## AIM OF THE EXERCISE
Using the records below, repeat exactly the lines from the one holding "then obtain c" through the one holding "t) * minkowski_gauge", both ends included, and no others.

## DATA EXTRACT
lemma g_fun_image: "0 \<le> x \<Longrightarrow> g_fun kl m1 ma ` {0..x} = {0..g_fun kl m1 ma x}"
proof -
  assume x: "0 \<le> x"
  have "g_fun kl m1 ma ` {0..x} \<subseteq> {0..g_fun kl m1 ma x}"
  proof (rule image_subsetI)
    fix t assume "t \<in> {0..x}"
    then show "g_fun kl m1 ma t \<in> {0..g_fun kl m1 ma x}"
      using strict_mono_on_leD[OF g_fun_strict_mono, of t x] g_fun_nonneg[of t] by simp
  qed
  moreover have "{0..g_fun kl m1 ma x} \<subseteq> g_fun kl m1 ma ` {0..x}"
  proof
    fix y assume "y \<in> {0..g_fun kl m1 ma x}"
    moreover have "continuous_on {0..x} (g_fun kl m1 ma)"
      by (rule continuous_on_subset[OF continuous_on_g_fun]) auto
    ultimately obtain t where "0 \<le> t" "t \<le> x" "g_fun kl m1 ma t = y"
      using IVT'[of "g_fun kl m1 ma" 0 y x] x by auto
    then show "y \<in> g_fun kl m1 ma ` {0..x}" by auto
  qed
  ultimately show ?thesis by blast
qed

lemma kl_mix_tendsto: "((\<lambda>x. kl z (mix m1 ma x)) \<longlongrightarrow> kl z ma) at_top"
  using isCont_tendsto_compose[OF isCont_kl[OF ma] mix_tendsto] .

lemma eventually_less_g_fun:
  assumes "y < kl m1 ma"
  shows "eventually (\<lambda>x. y < g_fun kl m1 ma x) at_top"
  using order_tendstoD(1)[OF kl_mix_tendsto assms] eventually_ge_at_top[of 0]
proof eventually_elim
  case (elim x)
  then have "0 \<le> x * kl ma (mix m1 ma x)"
    using kl_nonneg[OF ma mix_in_Means] by simp
  with elim show ?case by (simp add: g_fun_eq)
qed

lemma eventually_kl_ratio:
  assumes "C > 0"
  shows "eventually (\<lambda>x. kl ma (mix m1 ma x) < C * kl m1 (mix m1 ma x)) at_top"
proof -
  have D: "0 < C * kl m1 ma / 2" using kl_pos[OF m1 ma] ma_less assms by simp
  have "((\<lambda>x. C * kl m1 (mix m1 ma x)) \<longlongrightarrow> C * kl m1 ma) at_top"
    by (intro tendsto_mult_left kl_mix_tendsto)
  then have "eventually (\<lambda>x. C * kl m1 ma / 2 < C * kl m1 (mix m1 ma x)) at_top"
    by (rule order_tendstoD(1)) (use D in simp)
  moreover have "eventually (\<lambda>x. kl ma (mix m1 ma x) < C * kl m1 ma / 2) at_top"
    by (rule order_tendstoD(2)[OF kl_mix_tendsto]) (use D in simp)
  ultimately show ?thesis by eventually_elim auto
qed

lemma g_fun_surj:
  assumes "0 \<le> y" "y < kl m1 ma"
  shows "\<exists>x\<ge>0. g_fun kl m1 ma x = y"
proof -
  obtain X where "0 \<le> X" "y < g_fun kl m1 ma X"
    using eventually_happens'[OF _ eventually_conj[OF eventually_ge_at_top[of 0]
        eventually_less_g_fun[OF assms(2)]]] by auto
  then have "y \<in> g_fun kl m1 ma ` {0..X}" using g_fun_image assms(1) by simp
  then show ?thesis by auto
qed
(* Let $F=\{f_i\}_{i=1}^N$ be a uniform Parseval frame for an $n$-dimensional Hilbert space $\mathcal{H}_n$, and let $p>1$. Then $\mathrm{AE}_{\mathcal{N}}^{(1),p}(F)=\frac nN$, and the canonical dual $S_F^{-1}F$ is the unique $1$-erasure numerically optimal dual of $F$, i.e. $\zeta_{\mathcal{N}}^{(1),p}(F)=\{S_F^{-1}F\}$.
   Context: A uniform Parseval frame is a frame $\{f_i\}$ with $\sum_i|\langle f,f_i\rangle|^2=\|f\|^2$ for all $f$ and all $\|f_i\|$ equal; then $S_F=I$ and $S_F^{-1}F=F$. $G=\{g_i\}_{i=1}^N$ is a dual of $F$ if $f=\sum_i\langle f,f_i\rangle g_i$ for all $f$. The numerical radius of an operator $T$ is $\omega(T)=\sup\{|\langle Tf,f\rangle|:\|f\|=1\}$. With $T_F f=(\langle f,f_i\rangle)_i$ the analysis operator and $\mathcal{D}^{(1)}$ the $N\times N$ diagonal matrices with exactly one diagonal entry $1$ and the rest $0$, define $\mathrm{AE}_{\mathcal{N}}^{(1),p}(F,G)=\{\frac1N\sum_{D\in\mathcal{D}^{(1)}}\omega(T_G^*DT_F)^p\}^{1/p}$; here $T_G^*DT_F$ is the operator $f\mapsto\langle f,f_i\rangle g_i$, whose numerical radius is $\frac{|\langle f_i,g_i\rangle|+\|f_i\|\|g_i\|}{2}$. $\mathrm{AE}_{\mathcal{N}}^{(1),p}(F)$ is the infimum of $\mathrm{AE}_{\mathcal{N}}^{(1),p}(F,G)$ over all duals $G$, and $\zeta_{\mathcal{N}}^{(1),p}(F)$ is the set of duals attaining it. *)

theory Defs
  imports "HOL-Analysis.Analysis"
begin

text \<open>The n-dimensional Hilbert space H_n is modelled as complex ^ 'n (n = CARD('n)),
  with the standard inner product, linear in the first argument.
  A family of N vectors is modelled as a function 'm \<Rightarrow> complex ^ 'n with N = CARD('m).\<close>

definition cinner :: "complex ^ 'n \<Rightarrow> complex ^ 'n \<Rightarrow> complex" where
  "cinner x y = (\<Sum>j\<in>UNIV. x $ j * cnj (y $ j))"
text \<open>
  The gauge of a convex set that contains a ball of radius \<open>r\<close> about the origin is a
  finite, nonnegative, convex and \<open>1/r\<close>-Lipschitz function. For a convex function \<open>h\<close>, the
  minimizer \<open>p\<close> of \<open>1/2 \<parallel>z - y\<parallel>\<^sup>2 + \<theta> h z\<close> is characterised by the variational inequality
  \<open>\<langle>p - y, w - p\<rangle> + \<theta> (h w - h p) \<ge> 0\<close> for all \<open>w\<close>. Adding the inequalities for the minimizers
  \<open>p\<close>, \<open>q\<close> at \<open>\<theta>\<close>, \<open>\<theta>'\<close>, each tested at the other point, gives
  \<open>\<parallel>p - q\<parallel>\<^sup>2 \<le> (\<theta> - \<theta>') (h q - h p) \<le> \<bar>\<theta> - \<theta>'\<bar> \<parallel>p - q\<parallel> / r\<close>.
\<close>

definition gauge_scalings :: "'a::real_vector set \<Rightarrow> 'a \<Rightarrow> real set" where
  "gauge_scalings C z = {\<omega>. \<omega> > 0 \<and> z \<in> (\<lambda>c. \<omega> *\<^sub>R c) ` C}"

definition minkowski_gauge :: "'a::real_vector set \<Rightarrow> 'a \<Rightarrow> real" where
  "minkowski_gauge C z = Inf (gauge_scalings C z)"

locale convex_absorbing =
  fixes C :: "'a::real_normed_vector set" and r :: real
  assumes convex: "convex C" and radius_pos: "r > 0" and cball_subset: "cball 0 r \<subseteq> C"
begin

lemma mem_gauge_scalings:
  assumes "\<omega> > 0" "norm z \<le> \<omega> * r"
  shows "\<omega> \<in> gauge_scalings C z"
proof -
  have "z /\<^sub>R \<omega> \<in> C"
    using assms cball_subset by (auto simp: divide_simps mult.commute)
  moreover have "z = \<omega> *\<^sub>R (z /\<^sub>R \<omega>)"
    using assms by simp
  ultimately show ?thesis
    using assms unfolding gauge_scalings_def by blast
qed

lemma gauge_scalings_nonempty: "gauge_scalings C z \<noteq> {}"
proof -
  have "norm z / r + 1 \<in> gauge_scalings C z"
    by (rule mem_gauge_scalings) (use radius_pos in \<open>auto simp: field_simps add_pos_nonneg\<close>)
  then show ?thesis by blast
qed

lemma bdd_below_gauge_scalings: "bdd_below (gauge_scalings C z)"
  unfolding gauge_scalings_def by (rule bdd_belowI[of _ 0]) auto

lemma minkowski_gauge_le:
  "\<omega> \<in> gauge_scalings C z \<Longrightarrow> minkowski_gauge C z \<le> \<omega>"
  unfolding minkowski_gauge_def by (rule cInf_lower[OF _ bdd_below_gauge_scalings])

lemma minkowski_gauge_greatest:
  "(\<And>\<omega>. \<omega> \<in> gauge_scalings C z \<Longrightarrow> x \<le> \<omega>) \<Longrightarrow> x \<le> minkowski_gauge C z"
  unfolding minkowski_gauge_def by (rule cInf_greatest[OF gauge_scalings_nonempty])

lemma gauge_fn_eq_minkowski_gauge: "gauge_fn C z = ereal (minkowski_gauge C z)"
proof -
  have "gauge_fn C z = Inf (ereal ` gauge_scalings C z)"
    unfolding gauge_fn_def gauge_scalings_def by simp
  then show ?thesis
    unfolding minkowski_gauge_def
    using ereal_Inf'[OF bdd_below_gauge_scalings gauge_scalings_nonempty] by simp
qed

lemma minkowski_gauge_nonneg: "minkowski_gauge C z \<ge> 0"
  by (rule minkowski_gauge_greatest) (auto simp: gauge_scalings_def)

lemma minkowski_gauge_le_norm: "minkowski_gauge C z \<le> norm z / r"
proof (rule dense_ge)
  fix \<omega> assume \<omega>: "norm z / r < \<omega>"
  have "0 \<le> norm z / r"
    using radius_pos by simp
  then have "\<omega> > 0"
    using \<omega> by linarith
  moreover have "norm z \<le> \<omega> * r"
    using \<omega> radius_pos by (simp add: field_simps)
  ultimately show "minkowski_gauge C z \<le> \<omega>"
    by (intro minkowski_gauge_le mem_gauge_scalings)
qed

lemma gauge_scalings_add:
  assumes "a \<in> gauge_scalings C u" "b \<in> gauge_scalings C v"
  shows "a + b \<in> gauge_scalings C (u + v)"
proof -
  obtain c d where cd: "c \<in> C" "d \<in> C" "u = a *\<^sub>R c" "v = b *\<^sub>R d" "a > 0" "b > 0"
    using assms unfolding gauge_scalings_def by blast
  have "(a/(a+b)) *\<^sub>R c + (b/(a+b)) *\<^sub>R d \<in> C"
    using cd by (intro convexD[OF convex]) (auto simp: add_divide_distrib[symmetric])
  moreover have "u + v = (a+b) *\<^sub>R ((a/(a+b)) *\<^sub>R c + (b/(a+b)) *\<^sub>R d)"
    using cd by (simp add: scaleR_add_right)
  ultimately show ?thesis
    using cd unfolding gauge_scalings_def by force
qed

lemma minkowski_gauge_triangle:
  "minkowski_gauge C (u + v) \<le> minkowski_gauge C u + minkowski_gauge C v"
proof -
  have "minkowski_gauge C (u + v) - minkowski_gauge C u \<le> b"
    if b: "b \<in> gauge_scalings C v" for b
  proof -
    have "minkowski_gauge C (u + v) - b \<le> minkowski_gauge C u"
    proof (rule minkowski_gauge_greatest)
      fix a assume "a \<in> gauge_scalings C u"
      then have "minkowski_gauge C (u + v) \<le> a + b"
        using gauge_scalings_add b minkowski_gauge_le by blast
      then show "minkowski_gauge C (u + v) - b \<le> a"
        by simp
    qed
    then show ?thesis by simp
  qed
  then have "minkowski_gauge C (u + v) - minkowski_gauge C u \<le> minkowski_gauge C v"
    by (rule minkowski_gauge_greatest)
  then show ?thesis by simp
qed

lemma minkowski_gauge_scaleR_le:
  assumes "t > 0"
  shows "minkowski_gauge C (t *\<^sub>R u) \<le> t * minkowski_gauge C u"
proof -
  have "minkowski_gauge C (t *\<^sub>R u) / t \<le> minkowski_gauge C u"
  proof (rule minkowski_gauge_greatest)
    fix a assume "a \<in> gauge_scalings C u"
    then obtain c where "c \<in> C" "u = a *\<^sub>R c" "a > 0"
      unfolding gauge_scalings_def by blast
    then have "t * a \<in> gauge_scalings C (t *\<^sub>R u)"
      using assms unfolding gauge_scalings_def by force
    then show "minkowski_gauge C (t *\<^sub>R u) / t \<le> a"
      using assms minkowski_gauge_le by (simp add: field_simps)
  qed
  then show ?thesis
    using assms by (simp add: field_simps)
qed

lemma convex_on_minkowski_gauge: "convex_on UNIV (minkowski_gauge C)"
proof (rule convex_onI)
  fix t :: real and u v assume "0 < t" "t < 1"
  then show "minkowski_gauge C ((1 - t) *\<^sub>R u + t *\<^sub>R v)
      \<le> (1 - t) * minkowski_gauge C u + t * minkowski_gauge C v"
    using minkowski_gauge_triangle[of "(1 - t) *\<^sub>R u" "t *\<^sub>R v"]
      minkowski_gauge_scaleR_le[of "1 - t" u] minkowski_gauge_scaleR_le[of t v]
    by simp
qed simp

## ANSWER TO THE PROBLEM
    then obtain c where "c \<in> C" "u = a *\<^sub>R c" "a > 0"
      unfolding gauge_scalings_def by blast
    then have "t * a \<in> gauge_scalings C (t *\<^sub>R u)"
      using assms unfolding gauge_scalings_def by force
    then show "minkowski_gauge C (t *\<^sub>R u) / t \<le> a"
      using assms minkowski_gauge_le by (simp add: field_simps)
  qed
  then show ?thesis
    using assms by (simp add: field_simps)
qed

lemma convex_on_minkowski_gauge: "convex_on UNIV (minkowski_gauge C)"
proof (rule convex_onI)
  fix t :: real and u v assume "0 < t" "t < 1"
  then show "minkowski_gauge C ((1 - t) *\<^sub>R u + t *\<^sub>R v)
      \<le> (1 - t) * minkowski_gauge C u + t * minkowski_gauge C v"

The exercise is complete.